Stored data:
+ + + + +

(* Let $M$ be a submonoid of $(\mathbb N_0,+)$. (a) $\mathfrak W_M$ is a bracket pattern category. (b) $\mathfrak W_{\mathbb N_0}=\emptyset$. If $M\neq\mathbb N_0$, then $\mathfrak W_M=\langle\!\langle\mathbb N_0\setminus M\rangle\!\rangle$ if $\mathbb N_0\setminus M$ is finite, and $\mathfrak W_M=\langle\!\langle\{0,\dots,v\}\setminus M\mid v\in\mathbb N,\ \{0,\dots,v\}\setminus M\neq\emptyset\rangle\!\rangle$ if $\mathbb N_0\setminus M$ is infinite. (c) $M=\mathbb N_0\setminus\bigcup_{w\in\mathfrak W_M}A(w)=\mathbb N_0\setminus\bigcup_{w\in\mathfrak W_M}w$.
   Context: $\mathbb N=\{1,2,\dots\}$, $\mathbb N_0=\mathbb N\cup\{0\}$. A bracket pattern is a non-empty finite subset $w\subseteq\mathbb N$; $\|w\|:=\max(w)$. For bracket patterns $w,w'$: superposition $w\cup w'$; for $j\in w$ the projection $\cap_j w:=\{i\in w\mid i\le j\}$; the dual $w^\dagger:=\{\|w\|-i\mid i\in\mathbb N_0,\ i<\|w\|,\ i\notin w\}$. A bracket pattern category is a (possibly empty) set of bracket patterns closed under superposition, duals and projections; $\langle\!\langle\mathfrak W\rangle\!\rangle$ denotes the smallest bracket pattern category containing a set $\mathfrak W$ of bracket patterns, and $\langle\!\langle w\rangle\!\rangle:=\langle\!\langle\{w\}\rangle\!\rangle$. The completion of a bracket pattern $w$ is $A(w):=\{j-i\mid j\in w,\ i\in\mathbb N_0,\ i\notin w,\ i<j\}$. A submonoid of $(\mathbb N_0,+)$ is a subset containing $0$ and closed under addition; for such $M$, $\mathfrak W_M:=\{w\mid w\text{ bracket pattern},\ A(w)\subseteq\mathbb N_0\setminus M\}$. *)

theory Defs
  imports Main
begin

definition bracket_pattern :: "nat set \<Rightarrow> bool" where
  "bracket_pattern w \<longleftrightarrow> finite w \<and> w \<noteq> {} \<and> 0 \<notin> w"

definition bp_norm :: "nat set \<Rightarrow> nat" where
  "bp_norm w = Max w"

definition bp_proj :: "nat \<Rightarrow> nat set \<Rightarrow> nat set" where
  "bp_proj j w = {i \<in> w. i \<le> j}"

definition bp_dual :: "nat set \<Rightarrow> nat set" where
  "bp_dual w = {bp_norm w - i | i. i < bp_norm w \<and> i \<notin> w}"

definition bp_category :: "nat set set \<Rightarrow> bool" where
  "bp_category C \<longleftrightarrow>
     (\<forall>w\<in>C. bracket_pattern w) \<and>
     (\<forall>w\<in>C. \<forall>w'\<in>C. w \<union> w' \<in> C) \<and>
     (\<forall>w\<in>C. bp_dual w \<in> C) \<and>
     (\<forall>w\<in>C. \<forall>j\<in>w. bp_proj j w \<in> C)"

definition bp_gen :: "nat set set \<Rightarrow> nat set set" where
  "bp_gen S = \<Inter>{C. bp_category C \<and> S \<subseteq> C}"

definition completion :: "nat set \<Rightarrow> nat set" where
  "completion w = {j - i | j i. j \<in> w \<and> i \<notin> w \<and> i < j}"

definition submonoid_nat :: "nat set \<Rightarrow> bool" where
  "submonoid_nat M \<longleftrightarrow> 0 \<in> M \<and> (\<forall>a\<in>M. \<forall>b\<in>M. a + b \<in> M)"

definition W_of :: "nat set \<Rightarrow> nat set set" where
  "W_of M = {w. bracket_pattern w \<and> completion w \<subseteq> UNIV - M}"

end

theory Submission
  imports Defs
begin

text \<open>Superposition, projection and duality can only shrink the completion, so \<open>W_of M\<close> is a
  category. Since \<open>0 \<in> M\<close>, each \<open>w \<in> W_of M\<close> avoids \<open>M\<close> and is closed under \<open>j \<mapsto> j - m\<close>
  for \<open>m \<in> M\<close>, \<open>m < j\<close> (otherwise \<open>m = j - (j - m)\<close> lies in its completion); hence \<open>w\<close> is the
  union of the duals \<open>{j - m | m. m \<in> M \<and> m < j}\<close> of the initial gap sets \<open>{0..j} - M\<close>,
  \<open>j \<in> w\<close>. These gap sets lie in \<open>W_of M\<close> because \<open>M\<close> is closed under addition, so they
  generate \<open>W_of M\<close>; when \<open>UNIV - M\<close> is finite they are its projections.\<close>

lemma bp_norm_in:
  assumes "bracket_pattern w"
  shows "bp_norm w \<in> w"
  using assms unfolding bracket_pattern_def bp_norm_def by auto

lemma bp_norm_pos:
  assumes "bracket_pattern w"
  shows "bp_norm w > 0"
  using bp_norm_in[OF assms] assms unfolding bracket_pattern_def by (metis gr0I)

lemma bracket_pattern_Un:
  assumes "bracket_pattern w" "bracket_pattern w'"
  shows "bracket_pattern (w \<union> w')"
  using assms unfolding bracket_pattern_def by auto

lemma bracket_pattern_bp_proj:
  assumes "bracket_pattern w" "j \<in> w"
  shows "bracket_pattern (bp_proj j w)"
  using assms unfolding bracket_pattern_def bp_proj_def by auto

lemma bracket_pattern_bp_dual:
  assumes "bracket_pattern w"
  shows "bracket_pattern (bp_dual w)"
proof -
  have "0 \<notin> w" using assms by (simp add: bracket_pattern_def)
  then have "bp_norm w \<in> bp_dual w"
    unfolding bp_dual_def using bp_norm_pos[OF assms] by force
  moreover have "bp_dual w \<subseteq> {..bp_norm w}" "0 \<notin> bp_dual w"
    unfolding bp_dual_def by auto
  ultimately show ?thesis
    unfolding bracket_pattern_def using finite_subset by blast
qed

lemma subset_completion:
  assumes "bracket_pattern w"
  shows "w \<subseteq> completion w"
proof
  fix j assume "j \<in> w"
  moreover have "0 \<notin> w" using assms by (simp add: bracket_pattern_def)
  ultimately have "0 < j" by (auto intro: gr0I)
  then show "j \<in> completion w"
    unfolding completion_def using \<open>j \<in> w\<close> \<open>0 \<notin> w\<close> by force
qed

lemma completion_Un: "completion (w \<union> w') \<subseteq> completion w \<union> completion w'"
  unfolding completion_def by blast

lemma completion_bp_proj: "completion (bp_proj j w) \<subseteq> completion w"
  unfolding completion_def bp_proj_def by auto

text \<open>A difference \<open>(N - i) - i'\<close> in the dual, with \<open>N = bp_norm w\<close>, is the difference
  \<open>(N - i') - i\<close> in \<open>w\<close>.\<close>

lemma completion_bp_dual:
  assumes "bracket_pattern w"
  shows "completion (bp_dual w) \<subseteq> completion w"
proof
  let ?N = "bp_norm w"
  fix x assume "x \<in> completion (bp_dual w)"
  then obtain j' i' where x: "x = j' - i'" "j' \<in> bp_dual w" "i' \<notin> bp_dual w" "i' < j'"
    unfolding completion_def by blast
  then obtain i where i: "j' = ?N - i" "i < ?N" "i \<notin> w"
    unfolding bp_dual_def by blast
  have "?N - i' \<in> w"
  proof (cases "i' = 0")
    case True
    then show ?thesis using bp_norm_in[OF assms] by simp
  next
    case False
    have "i' < ?N" using x(4) i(1) by linarith
    show ?thesis
    proof (rule ccontr)
      assume "?N - i' \<notin> w"
      with False \<open>i' < ?N\<close> have "?N - (?N - i') \<in> bp_dual w"
        unfolding bp_dual_def by (intro CollectI exI[of _ "?N - i'"]) simp
      with x(3) \<open>i' < ?N\<close> show False by simp
    qed
  qed
  moreover have "x = (?N - i') - i" "i < ?N - i'"
    using x(1,4) i(1,2) by auto
  ultimately show "x \<in> completion w"
    unfolding completion_def using i(3) by blast
qed

lemma bp_category_W_of: "bp_category (W_of M)"
  unfolding bp_category_def
proof (intro conjI ballI)
  fix w w' assume "w \<in> W_of M" "w' \<in> W_of M"
  then show "w \<union> w' \<in> W_of M"
    unfolding W_of_def using bracket_pattern_Un completion_Un[of w w'] by blast
next
  fix w assume w: "w \<in> W_of M"
  then show "bp_dual w \<in> W_of M"
    unfolding W_of_def using bracket_pattern_bp_dual completion_bp_dual by blast
  fix j assume "j \<in> w"
  with w show "bp_proj j w \<in> W_of M"
    unfolding W_of_def using bracket_pattern_bp_proj completion_bp_proj by blast
qed (simp add: W_of_def)

lemma W_of_disjoint:
  assumes "w \<in> W_of M"
  shows "w \<inter> M = {}"
  using assms subset_completion unfolding W_of_def by blast

lemma W_of_UNIV: "W_of UNIV = {}"
  using W_of_disjoint unfolding W_of_def bracket_pattern_def by blast

lemma diff_in_W_of:
  assumes M: "submonoid_nat M"
    and down_closed: "\<And>i j. i < j \<Longrightarrow> j \<in> T \<Longrightarrow> i \<in> T"
    and "finite (T - M)" "T - M \<noteq> {}"
  shows "T - M \<in> W_of M"
proof -
  have "x \<notin> M" if "x \<in> completion (T - M)" for x
  proof
    assume "x \<in> M"
    from that obtain j i where ji: "x = j - i" "j \<in> T - M" "i \<notin> T - M" "i < j"
      unfolding completion_def by blast
    with down_closed have "i \<in> M" by blast
    with \<open>x \<in> M\<close> M have "i + x \<in> M" unfolding submonoid_nat_def by blast
    moreover have "i + x = j" using ji(1,4) by simp
    ultimately show False using ji(2) by simp
  qed
  moreover have "0 \<notin> T - M" using M by (simp add: submonoid_nat_def)
  ultimately show ?thesis
    unfolding W_of_def bracket_pattern_def using assms(3,4) by blast
qed

lemma initial_gaps_in_W_of:
  assumes "submonoid_nat M" "j \<notin> M"
  shows "{0..j} - M \<in> W_of M"
  using assms(2) by (intro diff_in_W_of[OF assms(1)]) auto

lemma bp_dual_initial_gaps:
  assumes "j \<notin> M"
  shows "bp_dual ({0..j} - M) = {j - m | m. m \<in> M \<and> m < j}"
proof -
  have "bp_norm ({0..j} - M) = j"
    unfolding bp_norm_def using assms by (intro Max_eqI) auto
  then show ?thesis unfolding bp_dual_def by auto
qed

lemma W_of_eq_Union_duals:
  assumes M: "submonoid_nat M" and w: "w \<in> W_of M"
  shows "w = (\<Union>j\<in>w. bp_dual ({0..j} - M))"
proof -
  have shift_closed: "j - m \<in> w" if "j \<in> w" "m \<in> M" "m < j" for j m
  proof (rule ccontr)
    assume "j - m \<notin> w"
    with that have "j - m < j" by (cases "m = 0") auto
    with \<open>j - m \<notin> w\<close> that(1) have "j - (j - m) \<in> completion w"
      unfolding completion_def by blast
    then show False using that w unfolding W_of_def by auto
  qed
  have "w = (\<Union>j\<in>w. {j - m | m. m \<in> M \<and> m < j})"
  proof
    have "j \<in> {j - m | m. m \<in> M \<and> m < j}" if "j \<in> w" for j
    proof -
      have "0 \<notin> w" using w unfolding W_of_def bracket_pattern_def by simp
      with that have "0 < j" by (metis gr0I)
      moreover have "0 \<in> M" using M by (simp add: submonoid_nat_def)
      ultimately show ?thesis by force
    qed
    then show "w \<subseteq> (\<Union>j\<in>w. {j - m | m. m \<in> M \<and> m < j})" by blast
    show "(\<Union>j\<in>w. {j - m | m. m \<in> M \<and> m < j}) \<subseteq> w"
      using shift_closed by blast
  qed
  also have "\<dots> = (\<Union>j\<in>w. bp_dual ({0..j} - M))"
    using bp_dual_initial_gaps W_of_disjoint[OF w] by (intro SUP_cong) auto
  finally show ?thesis .
qed

lemma bp_category_Union:
  assumes C: "bp_category C" and "finite F" "F \<noteq> {}" "F \<subseteq> C"
  shows "\<Union>F \<in> C"
  using assms(2-4)
proof (induction F rule: finite_ne_induct)
  case (singleton x)
  then show ?case by simp
next
  case (insert x F)
  then show ?case using C unfolding bp_category_def by auto
qed

lemma W_of_subset_bp_category:
  assumes M: "submonoid_nat M" and C: "bp_category C"
    and gaps: "\<And>j. j \<notin> M \<Longrightarrow> {0..j} - M \<in> C"
  shows "W_of M \<subseteq> C"
proof
  fix w assume w: "w \<in> W_of M"
  have "bp_dual ({0..j} - M) \<in> C" if "j \<in> w" for j
    using that gaps W_of_disjoint[OF w] C unfolding bp_category_def by blast
  moreover have "finite w" "w \<noteq> {}"
    using w unfolding W_of_def bracket_pattern_def by auto
  ultimately have "(\<Union>j\<in>w. bp_dual ({0..j} - M)) \<in> C"
    by (intro bp_category_Union[OF C]) auto
  then show "w \<in> C" using W_of_eq_Union_duals[OF M w] by simp
qed

lemma W_of_eq_bp_gen:
  assumes M: "submonoid_nat M" and "S \<subseteq> W_of M"
    and gaps: "\<And>C j. bp_category C \<Longrightarrow> S \<subseteq> C \<Longrightarrow> j \<notin> M \<Longrightarrow> {0..j} - M \<in> C"
  shows "W_of M = bp_gen S"
proof
  show "bp_gen S \<subseteq> W_of M"
    unfolding bp_gen_def using bp_category_W_of assms(2) by blast
  show "W_of M \<subseteq> bp_gen S"
    unfolding bp_gen_def using W_of_subset_bp_category[OF M] gaps by blast
qed

lemma W_of_eq_bp_gen_cofinite:
  assumes M: "submonoid_nat M" and "M \<noteq> UNIV" "finite (UNIV - M)"
  shows "W_of M = bp_gen {UNIV - M}"
proof (rule W_of_eq_bp_gen[OF M])
  show "{UNIV - M} \<subseteq> W_of M"
    using diff_in_W_of[OF M] assms(2,3) by auto
  fix C j assume "bp_category C" "{UNIV - M} \<subseteq> C" "j \<notin> M"
  then have "bp_proj j (UNIV - M) \<in> C" unfolding bp_category_def by blast
  moreover have "bp_proj j (UNIV - M) = {0..j} - M" unfolding bp_proj_def by auto
  ultimately show "{0..j} - M \<in> C" by simp
qed

lemma W_of_eq_bp_gen_initial_gaps:
  assumes M: "submonoid_nat M"
  shows "W_of M = bp_gen {{0..v} - M | v. v \<ge> 1 \<and> {0..v} - M \<noteq> {}}"
proof (rule W_of_eq_bp_gen[OF M])
  show "{{0..v} - M | v. v \<ge> 1 \<and> {0..v} - M \<noteq> {}} \<subseteq> W_of M"
    by (auto intro!: diff_in_W_of[OF M])
  fix C j assume "{{0..v} - M | v. v \<ge> 1 \<and> {0..v} - M \<noteq> {}} \<subseteq> C" "j \<notin> M"
  moreover have "j \<ge> 1" using \<open>j \<notin> M\<close> M unfolding submonoid_nat_def by (cases j) auto
  moreover have "j \<in> {0..j} - M" using \<open>j \<notin> M\<close> by simp
  ultimately show "{0..j} - M \<in> C" by blast
qed

lemma Union_W_of:
  assumes "submonoid_nat M"
  shows "(\<Union>w\<in>W_of M. w) = UNIV - M" "(\<Union>w\<in>W_of M. completion w) = UNIV - M"
proof -
  have cover: "UNIV - M \<subseteq> (\<Union>w\<in>W_of M. w)"
  proof
    fix n assume "n \<in> UNIV - M"
    then show "n \<in> (\<Union>w\<in>W_of M. w)"
      by (intro UN_I[OF initial_gaps_in_W_of[OF assms]]) auto
  qed
  have mono: "(\<Union>w\<in>W_of M. w) \<subseteq> (\<Union>w\<in>W_of M. completion w)"
    using subset_completion unfolding W_of_def by (intro UN_mono) auto
  have bound: "(\<Union>w\<in>W_of M. completion w) \<subseteq> UNIV - M"
    unfolding W_of_def by (intro UN_least) simp
  show "(\<Union>w\<in>W_of M. w) = UNIV - M"
    by (rule subset_antisym[OF order_trans[OF mono bound] cover])
  show "(\<Union>w\<in>W_of M. completion w) = UNIV - M"
    by (rule subset_antisym[OF bound order_trans[OF cover mono]])
qed

theorem lemma7p16:
  fixes M :: "nat set"
  assumes "submonoid_nat M"
  shows "bp_category (W_of M)
    \<and> W_of UNIV = {}
    \<and> (M \<noteq> UNIV \<longrightarrow>
         (finite (UNIV - M) \<longrightarrow> W_of M = bp_gen {UNIV - M})
       \<and> (infinite (UNIV - M) \<longrightarrow>
            W_of M = bp_gen {{0..v} - M | v. v \<ge> 1 \<and> {0..v} - M \<noteq> {}}))
    \<and> M = UNIV - (\<Union>w\<in>W_of M. completion w)
    \<and> M = UNIV - (\<Union>w\<in>W_of M. w)"
proof (intro conjI impI)
  show "bp_category (W_of M)" by (rule bp_category_W_of)
  show "W_of UNIV = {}" by (rule W_of_UNIV)
  show "W_of M = bp_gen {UNIV - M}" if "M \<noteq> UNIV" "finite (UNIV - M)"
    using W_of_eq_bp_gen_cofinite[OF assms that] .
  show "W_of M = bp_gen {{0..v} - M | v. v \<ge> 1 \<and> {0..v} - M \<noteq> {}}"
    by (rule W_of_eq_bp_gen_initial_gaps[OF assms])
  show "M = UNIV - (\<Union>w\<in>W_of M. completion w)" "M = UNIV - (\<Union>w\<in>W_of M. w)"
    using Union_W_of[OF assms] by auto
qed

end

+ + + + +

● Assignment: Whenever a line above contains "projections", copy that line.

● Completed task:
   Context: $\mathbb N=\{1,2,\dots\}$, $\mathbb N_0=\mathbb N\cup\{0\}$. A bracket pattern is a non-empty finite subset $w\subseteq\mathbb N$; $\|w\|:=\max(w)$. For bracket patterns $w,w'$: superposition $w\cup w'$; for $j\in w$ the projection $\cap_j w:=\{i\in w\mid i\le j\}$; the dual $w^\dagger:=\{\|w\|-i\mid i\in\mathbb N_0,\ i<\|w\|,\ i\notin w\}$. A bracket pattern category is a (possibly empty) set of bracket patterns closed under superposition, duals and projections; $\langle\!\langle\mathfrak W\rangle\!\rangle$ denotes the smallest bracket pattern category containing a set $\mathfrak W$ of bracket patterns, and $\langle\!\langle w\rangle\!\rangle:=\langle\!\langle\{w\}\rangle\!\rangle$. The completion of a bracket pattern $w$ is $A(w):=\{j-i\mid j\in w,\ i\in\mathbb N_0,\ i\notin w,\ i<j\}$. A submonoid of $(\mathbb N_0,+)$ is a subset containing $0$ and closed under addition; for such $M$, $\mathfrak W_M:=\{w\mid w\text{ bracket pattern},\ A(w)\subseteq\mathbb N_0\setminus M\}$. *)
  generate \<open>W_of M\<close>; when \<open>UNIV - M\<close> is finite they are its projections.\<close>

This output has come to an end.